**Your assignment:**
The line containing "(auto simp: m_def)" marks the end; copy exactly all lines from the start of the material up to and including it.

**Available records:**

lemma zeck_unique:
  "zeck_ok S \<Longrightarrow> zeck_ok T \<Longrightarrow> (\<Sum>e\<in>S. fibZ e) = (\<Sum>e\<in>T. fibZ e) \<Longrightarrow> S = T"
proof (induction "\<Sum>e\<in>S. fibZ e" arbitrary: S T rule: less_induct)
  case less
  have fin: "finite S" "finite T" using less.prems(1,2) by (auto simp: zeck_ok_def)
  show ?case
  proof (cases "S = {}")
    case True
    then have "\<forall>t\<in>T. fibZ t = 0" using less.prems(3) fin by simp
    then show ?thesis using True fibZ_pos by (metis ex_in_conv less_numeral_extra(3))
  next
    case False
    define m where "m = Max S"
    have "m \<in> S" and S_le: "\<forall>s\<in>S. s \<le> m" using False fin by (auto simp: m_def)
    obtain t where "t \<in> T" "m \<le> t" using zeck_ok_ex_ge[OF less.prems(2,1) _ \<open>m \<in> S\<close>] less.prems(3) by auto
    moreover obtain s where "s \<in> S" "t \<le> s" using zeck_ok_ex_ge[OF less.prems(1,2,3) \<open>t \<in> T\<close>] by auto
    ultimately have "m \<in> T" using S_le by (metis order_antisym order_trans)
    have sum_S: "(\<Sum>e\<in>S. fibZ e) = fibZ m + (\<Sum>e\<in>S - {m}. fibZ e)"
      using \<open>m \<in> S\<close> fin by (simp add: sum.remove)
    have sum_T: "(\<Sum>e\<in>T. fibZ e) = fibZ m + (\<Sum>e\<in>T - {m}. fibZ e)"
      using \<open>m \<in> T\<close> fin by (simp add: sum.remove)
    have "S - {m} = T - {m}"
    proof (rule less.hyps)
      show "(\<Sum>e\<in>S - {m}. fibZ e) < (\<Sum>e\<in>S. fibZ e)" using sum_S fibZ_pos[of m] by simp
      show "zeck_ok (S - {m})" "zeck_ok (T - {m})"
        using less.prems(1,2) by (auto intro: zeck_ok_subset)
      show "(\<Sum>e\<in>S - {m}. fibZ e) = (\<Sum>e\<in>T - {m}. fibZ e)" using sum_S sum_T less.prems(3) by simp
    qed
    then show ?thesis using \<open>m \<in> S\<close> \<open>m \<in> T\<close> by blast
  qed
qed

lemma ex_fibZ_le_less: "\<exists>m\<ge>1. fibZ m \<le> Suc n \<and> Suc n < fibZ (Suc m)"
proof (induction n)
  case 0
  show ?case by (rule exI[of _ 1]) simp
next
  case (Suc n)
  then obtain m where m: "m \<ge> 1" "fibZ m \<le> Suc n" "Suc n < fibZ (Suc m)" by blast
  show ?case
  proof (cases "Suc (Suc n) < fibZ (Suc m)")
    case True
    then show ?thesis using m by (intro exI[of _ m]) simp
  next
    case False
    then show ?thesis using m fibZ_pos[of m] by (intro exI[of _ "Suc m"]) simp
  qed
qed

lemma zeck_exists: "\<exists>S. zeck_ok S \<and> (\<Sum>e\<in>S. fibZ e) = n"
proof (induction n rule: less_induct)
  case (less n)
  show ?case
  proof (cases n)
    case 0
    then show ?thesis by (intro exI[of _ "{}"]) (simp add: zeck_ok_def)
  next
    case (Suc n')
    obtain m where m: "1 \<le> m" "fibZ m \<le> n" "n < fibZ (Suc m)"
      using ex_fibZ_le_less[of n'] Suc by blast
    then obtain j where "m = Suc j" by (cases m) auto
    with m have j: "fibZ (Suc j) \<le> n" "n < fibZ (Suc (Suc j))" by simp_all
    define r where "r = n - fibZ (Suc j)"
    have "r < n" using j(1) fibZ_pos[of "Suc j"] by (simp add: r_def)
    then obtain T where T: "zeck_ok T" "(\<Sum>e\<in>T. fibZ e) = r" using less.IH by blast
    have T_less: "e < j" if "e \<in> T" for e
    proof (rule fibZ_less_imp_less)
      have "fibZ e \<le> r" using T that by (metis member_le_sum zero_le zeck_ok_def)
      also have "r < fibZ j" using j by (simp add: r_def)
      finally show "fibZ e < fibZ j" .
    qed
    have "zeck_ok (insert (Suc j) T)"
      using T(1) T_less unfolding zeck_ok_def by (auto dest: T_less)
    moreover have "Suc j \<notin> T" using T_less by fastforce
    then have "(\<Sum>e\<in>insert (Suc j) T. fibZ e) = n"
      using T j(1) by (simp add: zeck_ok_def r_def)
    ultimately show ?thesis by blast
  qed
qed

lemma Z_spec: "zeck_ok (Z n)" "(\<Sum>e\<in>Z n. fibZ e) = n"
proof -
  have "\<exists>!S. zeck_ok S \<and> (\<Sum>e\<in>S. fibZ e) = n"
  proof (rule ex_ex1I)
    show "S = T" if "zeck_ok S \<and> (\<Sum>e\<in>S. fibZ e) = n" "zeck_ok T \<and> (\<Sum>e\<in>T. fibZ e) = n" for S T
      using that by (intro zeck_unique) auto
  qed (rule zeck_exists)
  then have "zeck_ok (Z n) \<and> (\<Sum>e\<in>Z n. fibZ e) = n"
    unfolding Z_def by (rule theI')
  then show "zeck_ok (Z n)" "(\<Sum>e\<in>Z n. fibZ e) = n" by simp_all
qed

lemma Z_unique: "zeck_ok S \<Longrightarrow> (\<Sum>e\<in>S. fibZ e) = n \<Longrightarrow> Z n = S"
  by (rule zeck_unique[OF Z_spec(1)]) (simp_all add: Z_spec(2))

lemma finite_Z: "finite (Z n)"
  using Z_spec(1) by (simp add: zeck_ok_def)

lemma Z_le: "e \<in> Z n \<Longrightarrow> e \<le> n"
  using le_fibZ[of e] member_le_sum[of e "Z n" fibZ] finite_Z Z_spec(2) by simp

lemma Z_subset_lessThan: "Z n \<subseteq> {..<Suc n}"
  using Z_le by (auto simp: less_Suc_eq_le)

section \<open>Decoding Zeckendorf codes\<close>

lemma sum_eq_sum_lessThan_if: "A \<subseteq> {..<N::nat} \<Longrightarrow> sum f A = (\<Sum>x<N. if x \<in> A then f x else 0)"
  using sum.inter_restrict[of "{..<N}" f A] by (simp add: Int_absorb1)

lemma card_eq_sum_of_bool:
  assumes "A \<subseteq> {..<N::nat}" shows "card A = (\<Sum>x<N. of_bool (x \<in> A))"
  using sum_eq_sum_lessThan_if[OF assms, of "\<lambda>_. 1::nat"] by (simp add: of_bool_def)

lemma set_decode_subset_lessThan: "set_decode b \<subseteq> {..<b}"
proof
  fix e assume "e \<in> set_decode b"
  then have "2 ^ e \<le> set_encode (set_decode b)"
    unfolding set_encode_def by (intro member_le_sum) auto
  then have "2 ^ e \<le> b" by simp
  with less_exp[of e] show "e \<in> {..<b}" by (simp del: less_exp)
qed

lemma set_encode_less_power: "A \<subseteq> {..<k} \<Longrightarrow> set_encode A < 2 ^ k"
proof -
  assume "A \<subseteq> {..<k}"
  then have "set_encode A \<le> (\<Sum>e\<in>{q. q < k}. 2 ^ e)"
    unfolding set_encode_def by (intro sum_mono2) auto
  also have "\<dots> = 2 ^ k - 1" by (simp add: mask_eq_sum_exp_nat)
  finally show ?thesis using zero_less_power[of "2::nat" k] by linarith
qed

lemma set_encode_Z_eq_sum_select:
  "set_encode (Z n) = (\<Sum>b<2 ^ Suc n. if zeck_ok (set_decode b) \<and> (\<Sum>e\<in>set_decode b. fibZ e) = n then b else 0)"
proof (rule sum_select_unique[symmetric])
  show "zeck_ok (set_decode (set_encode (Z n))) \<and> (\<Sum>e\<in>set_decode (set_encode (Z n)). fibZ e) = n"
    using Z_spec by (simp add: finite_Z)
  show "set_encode (Z n) < 2 ^ Suc n"
    by (rule set_encode_less_power[OF Z_subset_lessThan])
  show "b = set_encode (Z n)" if "zeck_ok (set_decode b) \<and> (\<Sum>e\<in>set_decode b. fibZ e) = n" for b
    using that Z_unique by (metis set_decode_inverse)
qed

lemma zeck_ok_set_decode_iff:
  "zeck_ok (set_decode b) \<longleftrightarrow> 0 \<notin> set_decode b \<and> (\<forall>e<b. e \<in> set_decode b \<longrightarrow> Suc e \<notin> set_decode b)"
  using set_decode_subset_lessThan[of b] by (auto simp: zeck_ok_def)

lemma PR_set_encode_Z: "PR A \<Longrightarrow> PR (\<lambda>e. set_encode (Z (A e)))"
proof -
  have "PR (\<lambda>e. \<Sum>b<2 ^ Suc (e 0). if (0 \<notin> set_decode b \<and> (\<forall>k<b. k \<in> set_decode b \<longrightarrow> Suc k \<notin> set_decode b))
      \<and> (\<Sum>k<b. if k \<in> set_decode b then fibZ k else 0) = e 0 then b else 0)"
    by (intro PR_intros PR_fibZ)
  then have "PR (\<lambda>e. set_encode (Z (e 0)))"
    by (rule PR_cong) (simp only: set_encode_Z_eq_sum_select zeck_ok_set_decode_iff
        sum_eq_sum_lessThan_if[OF set_decode_subset_lessThan])
  then show "PR A \<Longrightarrow> ?thesis" by (rule PR_comp1)
qed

**Answer area:**
lemma zeck_unique:
  "zeck_ok S \<Longrightarrow> zeck_ok T \<Longrightarrow> (\<Sum>e\<in>S. fibZ e) = (\<Sum>e\<in>T. fibZ e) \<Longrightarrow> S = T"
proof (induction "\<Sum>e\<in>S. fibZ e" arbitrary: S T rule: less_induct)
  case less
  have fin: "finite S" "finite T" using less.prems(1,2) by (auto simp: zeck_ok_def)
  show ?case
  proof (cases "S = {}")
    case True
    then have "\<forall>t\<in>T. fibZ t = 0" using less.prems(3) fin by simp
    then show ?thesis using True fibZ_pos by (metis ex_in_conv less_numeral_extra(3))
  next
    case False
    define m where "m = Max S"
    have "m \<in> S" and S_le: "\<forall>s\<in>S. s \<le> m" using False fin by (auto simp: m_def)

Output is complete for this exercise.